它不是一个已经训练完成的生产 Agent,而是一个可本地复现的工程闭环:统一动作 schema、工具执行、错误归因、修复轨迹、reward/verifier、数据导出和 eval dashboard。
user task
-> agent runtime
-> tool executor
-> verifier / reward
-> trajectory pool
-> SFT / DPO / GRPO export
-> eval dashboard
主展示链路现在以 Recruiting Safe Dry-run 为中心:
recruiting HTML fixture
-> extract jobs / apply steps
-> guard login/captcha/upload/submit
-> safe trajectory
-> replay
-> eval recruiting metrics
-> SFT / DPO / GRPO export + data card
- Unified Action Schema:Pydantic 表达
tool_call、ask_user、final_answer、self_correction、gui_click/gui_grounding。 - Tool Executor:参数校验、invalid-format/wrong-args 归因、异常捕获、timeout、latency 和 action logging。
- Self-correction Loop Data:构造
attempt -> error/verifier feedback -> revision样本,并检测 over-correction。 - Verifier / Reward:输出 task success、tool correctness、argument correctness、recovery、GUI hit、policy/redundancy penalty 和 latency proxy。
- Failure Analysis:eval report 按 error_type 聚合失败,并保留可 replay sample case。
- Training Export:导出 SFT / DPO / GRPO / self-correction JSONL,并生成 data card。
- GUI Grounding Baseline:rule-based selector/bbox/click point baseline,含 point-in-box、bbox IoU、GUI action accuracy。
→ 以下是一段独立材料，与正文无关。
(* Let $k\ge0$ be an integer and let $S=B_k(C)$ or $S=B_k(e)$. Let $\mu$ be an eigenvector process with eigenvalue $\lambda$, $|\lambda|<d$, and let $\mu_S$ denote its marginal on $\mathbb{R}^S$. Then the linear span of the support of $\mu_S$ equals $W_\lambda(S)$.
   Context: $T_d$ is the infinite $d$-regular tree ($d\ge 3$), vertex set $V_d$, root $o$. For $F\subseteq V_d$, $B_k(F)$ is the set of vertices at distance at most $k$ from $F$; $C=B_1(o)$ (the root and its $d$ neighbors) and $e$ is a fixed edge (viewed as a set of two vertices). For finite $F\subseteq V_d$ and $\lambda\in\mathbb{R}$, $W_\lambda(F)$ is the linear subspace of $f\in\mathbb{R}^F$ with $\lambda f(u)=\sum_{w\sim u}f(w)$ for every $u\in F$ with $B_1(u)\subseteq F$. An eigenvector process with eigenvalue $\lambda$ is a family $\{X_u\}_{u\in V_d}$ of real random variables of variance $1$, with law invariant under all automorphisms of $T_d$, satisfying $\sum_{u\sim o}X_u=\lambda X_o$ almost surely. *)

theory Defs
  imports "HOL-Probability.Probability" "HOL-Library.Function_Algebras"
begin

text \<open>The infinite d-regular tree T_d, realised as the Cayley graph of the free product
of d copies of Z/2: vertices are words over the letters 0..d-1 with no two consecutive
equal letters; the root is the empty word; u and v are adjacent iff one is obtained from
the other by appending one letter.\<close>

definition tree_vertices :: "nat \<Rightarrow> nat list set" where
  "tree_vertices d = {w. set w \<subseteq> {..<d} \<and> (\<forall>i. Suc i < length w \<longrightarrow> w ! i \<noteq> w ! Suc i)}"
- Recruiting Safe Dry-run:离线招聘 HTML fixture 抽取岗位/申请步骤,遇到登录、验证码、上传、提交动作时安全停止并记录 stop reason。
- Frontend Evaluation View:React Evaluation 页面可展示 latest deterministic report 和 self-correction metrics。
deterministic demo 使用固定 fixtures,不依赖真实 LLM API key。它用于证明 schema、eval、export、replay 和 data-quality 检查链路可运行,不代表真实线上指标。
P0/P1 currently verified:
- P0 Recruiting safe dry-run records a safe flow instead of applying for jobs.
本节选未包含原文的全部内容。